Perrin juggled her mug of mint tea on the side of the thin tray spat out by the cafeteria replicators. They offered enough space for whatever food had been requested; there was no place for a drink. Perrin saw it as a bizarre oversight, like allowing a power hungry ensign to romp through anyone's room without check. Perrin pushed away the irritating thought not feeling it was productive. She didn't care enough to dwell on it or the disproportionate trays. She also wasn't going to need to use the cafeteria beyond the next three days and even then Perrin always tried to eat in her room. The powers that be didn't like it, she thought, but she wasn't a student and she did her best to hide the evidence. She smiled that the thought of security breaking down her door for replicating Dizé mile one too many times. She wished the debates had been held in Paris—Perrin hadn't had the flakey donut in a while. Perrin went out following Mia who trekked on ahead of her. The cafeteria had filled out into the patio and adjoining classrooms with the conference goers.

Mia led into a Federation History classroom where the rest of the quartet had settled. A few of the Starfleet officers waylaid for the debates went through the data on the computers, questioning each other. The lowest ranked seemed to do best; school days must still be rattling around their heads, Perrin thought, amused as the senior officers cursed them.

Darin and Mia both had filled up their plates with desert. Their harpist, Abe, had a small salad. He usually parceled out his meals; salad, meat, bread. He went back for each separate bit; it couldn't all be eaten at once. Perrin learned his routine quickly in the few months she'd been with the group.

"Hey." Darrin caught her attention, mouth full of ice cream. She listened.

"What's with the tea?" She wasn't surprised. Mint tea was all they'd seen her drink and her habit caught the eye of the last three orchestras, and two traveling musicals she'd worked with.

Perrin held an answer and just like the others, the quartet moved on.

Suddenly, another question seemed to strike him.

"Hey, does anyone know that Vulcan- he was standing right near the stage?" Everyone looked confused except Perrin.

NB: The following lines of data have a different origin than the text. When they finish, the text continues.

(* For all $X,Y\in\mathbb{S}^n_{++}$ and all $s,t\in[0,1]$: (i) $X*_tY=Y*_{1-t}X$; (ii) $X*_s(X*_tY)=X*_{st}Y$; (iii) $(X*_sY)*_tY=X*_{s+t-st}Y$.
   Context: $\mathbb{S}^n_{++}$ denotes the set of real symmetric positive definite $n\times n$ matrices. For $X,Y\in\mathbb{S}^n_{++}$ the matrix $YX^{-1}$ has real positive eigenvalues; let $\alpha=\lambda_{\min}(YX^{-1})$ and $\beta=\lambda_{\max}(YX^{-1})$. For $0<\alpha\le\beta$ and $t\in\mathbb{R}$ set $\varphi_{\alpha\beta}(t)=\frac{\beta^t-\alpha^t}{\beta-\alpha}$ and $\psi_{\alpha\beta}(t)=\frac{\beta\alpha^t-\alpha\beta^t}{\beta-\alpha}$ if $\beta>\alpha$, and $\varphi_{\alpha\beta}(t)=t\alpha^{t-1}$, $\psi_{\alpha\beta}(t)=(1-t)\alpha^t$ if $\beta=\alpha$. The Thompson geodesic from $X$ to $Y$ is $X*_tY=\varphi_{\alpha\beta}(t)\,Y+\psi_{\alpha\beta}(t)\,X$. *)

theory Defs
  imports "HOL-Analysis.Analysis"
begin

definition spd :: "real^'n^'n \<Rightarrow> bool" where
  "spd A \<longleftrightarrow> transpose A = A \<and> (\<forall>x. x \<noteq> 0 \<longrightarrow> x \<bullet> (A *v x) > 0)"

definition real_eigenvalues :: "real^'n^'n \<Rightarrow> real set" where
  "real_eigenvalues A = {l. \<exists>v. v \<noteq> 0 \<and> A *v v = l *\<^sub>R v}"

definition lam_min :: "real^'n^'n \<Rightarrow> real^'n^'n \<Rightarrow> real" where
  "lam_min X Y = Min (real_eigenvalues (Y ** matrix_inv X))"

definition lam_max :: "real^'n^'n \<Rightarrow> real^'n^'n \<Rightarrow> real" where
  "lam_max X Y = Max (real_eigenvalues (Y ** matrix_inv X))"

definition phi_ab :: "real \<Rightarrow> real \<Rightarrow> real \<Rightarrow> real" where
  "phi_ab a b t = (if b > a then (b powr t - a powr t) / (b - a) else t * a powr (t - 1))"

definition psi_ab :: "real \<Rightarrow> real \<Rightarrow> real \<Rightarrow> real" where
  "psi_ab a b t = (if b > a then (b * a powr t - a * b powr t) / (b - a) else (1 - t) * a powr t)"

definition thompson_geod :: "real^'n^'n \<Rightarrow> real \<Rightarrow> real^'n^'n \<Rightarrow> real^'n^'n" where
  "thompson_geod X t Y =
     phi_ab (lam_min X Y) (lam_max X Y) t *\<^sub>R Y + psi_ab (lam_min X Y) (lam_max X Y) t *\<^sub>R X"

end

theory Submission
  imports Defs
begin

text \<open>For a < b the coefficients phi and psi are those of the unique affine function
  x \<mapsto> phi x + psi that agrees with x powr t at x = a and x = b. On a generalized
  eigenvector (Y w = l X w) the geodesic acts as (phi l + psi) X, and the extreme generalized
  eigenvalues transform predictably: affinely under Y \<mapsto> a Y + b X with a \<ge> 0, and by
  inversion under exchanging X and Y. Thus (i) and (ii) reduce to scalar identities, each an
  instance of the uniqueness of the affine interpolant, and (iii) follows from (i) and (ii),
  since X *_s Y stays positive definite.\<close>

lemma transpose_add: "transpose (A + B) = transpose A + transpose (B :: 'a::semiring_1^'n^'m)"
  by (simp add: transpose_def vec_eq_iff)

lemma transpose_diff: "transpose (A - B) = transpose A - transpose (B :: 'a::ring_1^'n^'m)"
  by (simp add: transpose_def vec_eq_iff)

lemma symmetric_matrix_inner_commute:
  fixes A :: "real^'n^'n"
  assumes "transpose A = A"
  shows "u \<bullet> (A *v w) = w \<bullet> (A *v u)"
  by (metis assms dot_lmul_matrix inner_commute vector_transpose_matrix)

But she didn't speak, worried about Darrin's habit of reading into things.

With no one saying anything, Darrin cheered.

"Jeez; I think that was our best performance then. Never thought I'd see the day when my little merry band was bringing Vulcans to tears." He did not even blink, much less cry, Perrin recalled silently. Sarek had stood listening up to the fading echoes with a degree of focus that somewhat unnerved her, but he never showed the faintest bit of emotion. She saw no way tell if he'd been moved or mulling the technical aspects of the song. She knew better than most it could have been either. She turned away from the memories that made her sure.

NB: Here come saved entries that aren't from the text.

lemma real_local_inverse_function:
  fixes u u' :: "real \<Rightarrow> real"
  assumes U: "open U" "x0 \<in> U"
    and der: "\<And>x. x \<in> U \<Longrightarrow> (u has_real_derivative u' x) (at x)"
    and cont: "continuous_on U u'" and nz: "u' x0 \<noteq> 0"
  obtains \<rho> g where "\<rho> > 0" "g (u x0) = x0"
    "\<And>y. \<bar>y - u x0\<bar> < \<rho> \<Longrightarrow>
       g y \<in> U \<and> u (g y) = y \<and> u' (g y) \<noteq> 0 \<and> (g has_real_derivative inverse (u' (g y))) (at y)"
proof -
  have derf: "\<And>x. x \<in> U \<Longrightarrow> (u has_derivative blinfun_apply (Blinfun ((*) (u' x)))) (at x)"
    using der
    by (simp add: bounded_linear_Blinfun_apply bounded_linear_mult_right has_field_derivative_imp_has_derivative)
  have contf: "continuous_on U (\<lambda>x. Blinfun ((*) (u' x)))"
    unfolding blinfun_mult_right.abs_eq [symmetric] by (intro continuous_intros cont)
  have invf: "Blinfun ((*) (inverse (u' x0))) o\<^sub>L Blinfun ((*) (u' x0)) = id_blinfun"
    using nz by (intro blinfun_eqI) (simp add: bounded_linear_mult_right bounded_linear_Blinfun_apply)
  obtain U' W g g' where "open U'" "U' \<subseteq> U" "x0 \<in> U'" "open W" "u x0 \<in> W" and hom: "homeomorphism U' W u g"
    and derg: "\<And>y. y \<in> W \<Longrightarrow> (g has_derivative g' y) (at y)"
    and g': "\<And>y. y \<in> W \<Longrightarrow> g' y = inv (blinfun_apply (Blinfun ((*) (u' (g y)))))"
    and bij: "\<And>y. y \<in> W \<Longrightarrow> bij (blinfun_apply (Blinfun ((*) (u' (g y)))))"
    by (rule inverse_function_theorem [OF U(1) derf contf U(2) invf]) blast+
  obtain \<rho> where "\<rho> > 0" and ball: "ball (u x0) \<rho> \<subseteq> W"
    using \<open>open W\<close> \<open>u x0 \<in> W\<close> openE by blast
  show thesis
  proof (rule that[OF \<open>\<rho> > 0\<close>])
    show "g (u x0) = x0" using hom \<open>x0 \<in> U'\<close> by (simp add: homeomorphism_apply1)
    fix y assume "\<bar>y - u x0\<bar> < \<rho>"
    then have y: "y \<in> W" using ball by (auto simp: dist_real_def)
    have mult: "blinfun_apply (Blinfun ((*) (u' (g y)))) = (*) (u' (g y))"
      by (simp add: bounded_linear_Blinfun_apply bounded_linear_mult_right)
    have nz: "u' (g y) \<noteq> 0"
      using bij[OF y] by (auto simp: mult bij_def inj_on_def)
    have "inv ((*) (u' (g y))) = (*) (inverse (u' (g y)))"
      using nz by (intro inv_equality) simp_all
    then have "(g has_real_derivative inverse (u' (g y))) (at y)"
      using derg[OF y] g'[OF y] mult by (simp add: has_field_derivative_def mult.commute)
    moreover have "g y \<in> U"
      using hom y \<open>U' \<subseteq> U\<close> homeomorphism_image2 by blast
    ultimately show "g y \<in> U \<and> u (g y) = y \<and> u' (g y) \<noteq> 0 \<and> (g has_real_derivative inverse (u' (g y))) (at y)"
      using hom y nz by (simp add: homeomorphism_apply2)
  qed
qed

lemma linear_ode_solvable:
  fixes p h :: "real \<Rightarrow> real"
  assumes p: "continuous_on {c..d} p" and h: "continuous_on {c..d} h"
  shows "\<exists>u. u x0 = 0 \<and> (\<forall>x\<in>{c..d}. (u has_real_derivative h x + p x * u x) (at x within {c..d}))"
proof -
  obtain P where P: "\<And>x. x \<in> {c..d} \<Longrightarrow> (P has_real_derivative p x) (at x within {c..d})"
    using integral_has_real_derivative[OF p] by blast
  have "continuous_on {c..d} (\<lambda>x. exp (- P x) * h x)"
    by (intro continuous_intros h DERIV_continuous_on[OF P])
  then obtain Q where Q: "\<And>x. x \<in> {c..d} \<Longrightarrow> (Q has_real_derivative exp (- P x) * h x) (at x within {c..d})"
    using integral_has_real_derivative by blast
  define u where "u x = (Q x - Q x0) * exp (P x)" for x
  have u': "(u has_real_derivative h x + p x * u x) (at x within {c..d})" if "x \<in> {c..d}" for x
  proof -
    have "(u has_real_derivative (exp (- P x) * h x - 0) * exp (P x) + exp (P x) * p x * (Q x - Q x0))
        (at x within {c..d})"
      unfolding u_def by (rule derivative_eq_intros refl Q P that)+
    moreover have "exp (- P x) * exp (P x) = 1" by (simp add: exp_minus)
    ultimately show ?thesis by (simp add: u_def algebra_simps)
  qed
  moreover have "u x0 = 0" by (simp add: u_def)
  ultimately show ?thesis by (intro exI[of _ u] conjI ballI u')
qed

lemma agree_on_interval_by_continuation:
  fixes V W :: "real \<Rightarrow> real"
  assumes cV: "continuous_on {a..b} V" and cW: "continuous_on {a..b} W" and Wa: "W a = V a"
    and step: "\<And>T. T \<in> {a..b} \<Longrightarrow> W T = V T \<Longrightarrow>
                 \<exists>\<eta>>0. \<forall>s\<in>{a..b}. T \<le> s \<and> s \<le> T + \<eta> \<longrightarrow> W s = V s"
  shows "\<forall>s\<in>{a..b}. W s = V s"
proof (rule ccontr)
  assume "\<not> (\<forall>s\<in>{a..b}. W s = V s)"
  define B where "B = {s\<in>{a..b}. W s \<noteq> V s}"
  have "B \<noteq> {}" using \<open>\<not> (\<forall>s\<in>{a..b}. W s = V s)\<close> by (auto simp: B_def)
  have "bdd_below B" unfolding B_def by (rule bdd_belowI[of _ a]) auto
  define T where "T = Inf B"
  have T_le: "T \<le> s" if "s \<in> B" for s
    using cInf_lower[OF that \<open>bdd_below B\<close>] by (simp add: T_def)
  have T: "T \<in> {a..b}"
    using \<open>B \<noteq> {}\<close> T_le cInf_greatest[OF \<open>B \<noteq> {}\<close>, of a] by (force simp: T_def B_def)
  have below_T: "W s = V s" if "a \<le> s" "s < T" for s
    using T_le[of s] that T by (force simp: B_def)
  have WT: "W T = V T"
  proof (rule ccontr)
    assume "W T \<noteq> V T"
    then have "a < T" using T Wa by (cases "T = a") auto
    have "((\<lambda>s. W s - V s) \<longlongrightarrow> W T - V T) (at T within {a..b})"
      using cV cW T by (intro tendsto_intros) (auto simp: continuous_on_eq_continuous_within continuous_within)
    from tendsto_imp_eventually_ne[OF this, of 0] \<open>W T \<noteq> V T\<close>
    obtain d where "d > 0" and d: "\<And>x. x \<in> {a..b} \<Longrightarrow> x \<noteq> T \<Longrightarrow> dist x T < d \<Longrightarrow> W x - V x \<noteq> 0"
      unfolding eventually_at by auto
    define x where "x = T - min (T - a) d / 2"
    have "x \<in> {a..b}" "x \<noteq> T" "dist x T < d" "a \<le> x" "x < T"
      using \<open>d > 0\<close> \<open>a < T\<close> T by (auto simp: x_def dist_real_def min_def field_simps)
    then show False using d below_T by auto
  qed
  obtain \<eta> where "\<eta> > 0" and \<eta>: "\<And>s. s \<in> {a..b} \<Longrightarrow> T \<le> s \<Longrightarrow> s \<le> T + \<eta> \<Longrightarrow> W s = V s"
    using step[OF T WT] by auto
  have "T + \<eta> \<le> Inf B"
  proof (rule cInf_greatest[OF \<open>B \<noteq> {}\<close>])
    fix s assume "s \<in> B"
    then show "T + \<eta> \<le> s" using \<eta>[of s] T_le[of s] by (force simp: B_def)
  qed
  then show False using \<open>\<eta> > 0\<close> by (simp add: T_def)
qed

Suddenly there was red in her eye. Perrin blinked it away and was shocked to see Darrin now convulsing in pain on the ground, some of the others in the classroom gathered around him. She grabbed two small devices from a Starfleet Medical first aid kit by a mapping table near the center of the room. One was a tricorder she had powered up as she crawled over the desk to look Darrin over.

The injury was not as severe as she'd feared. Through the palm of his left hand, a fork had pinched into the soft tissue; the tricorder picked up no bone damage. Blood ran rapidly from the wound; Perrin speculated he might have been on some form of blood thinner due to the disproportionate amount of bleeding. He has headaches from time to time—aspirin, she concluded. The tricorder picked up small traces of it in the blood pouring from the wound.

To use the second device, a cellular regenerator, Perrin had to remove the fork. Darrin could see her reaching for it and yanked his hand away.

"No, no doctor stuff. Just get my mother to do it."

"God Darrin, she's in a completely different quadrant of the galaxy!" Screamed Mia, who was holding his head steady. She then locked down his arm, holding it within Perrin's reach.

Darrin screamed as Perrin weaned it out. Ripping it out might minimize his pain, she knew, but she'd risk accidentally pulling it out at an angle and damaging more tissue. She kept a napkin pressed down between the skin and fork as she slowly took it out, carefully letting it come out the way it went in.

After that, the injury was repaired easily. The fork was tossed into the trash with a few bloody napkins used to clean up the mess. Despite appearances, Darrin's blood levels appeared to be mostly fine and he refused to go to Starfleet Medical to be checked up. This bothered Perrin.

Take him there, take him there; she could not wipe the words from her mind. Not seeking proper medical attention could be a death sentence. She knew. She'd seen this in action: her mother; he—why she set it aside and just played her violin. Darrin is fine, she began to repeat in her mind to ease away her anxiety.

"Uh…" Darrin drawled off. Unfocused for a few more minutes, he stared at his hand before looking at Perrin with relief. This brought her back and fully brushed away her concerns. "Thanks." He whispered. Perrin smiled in response.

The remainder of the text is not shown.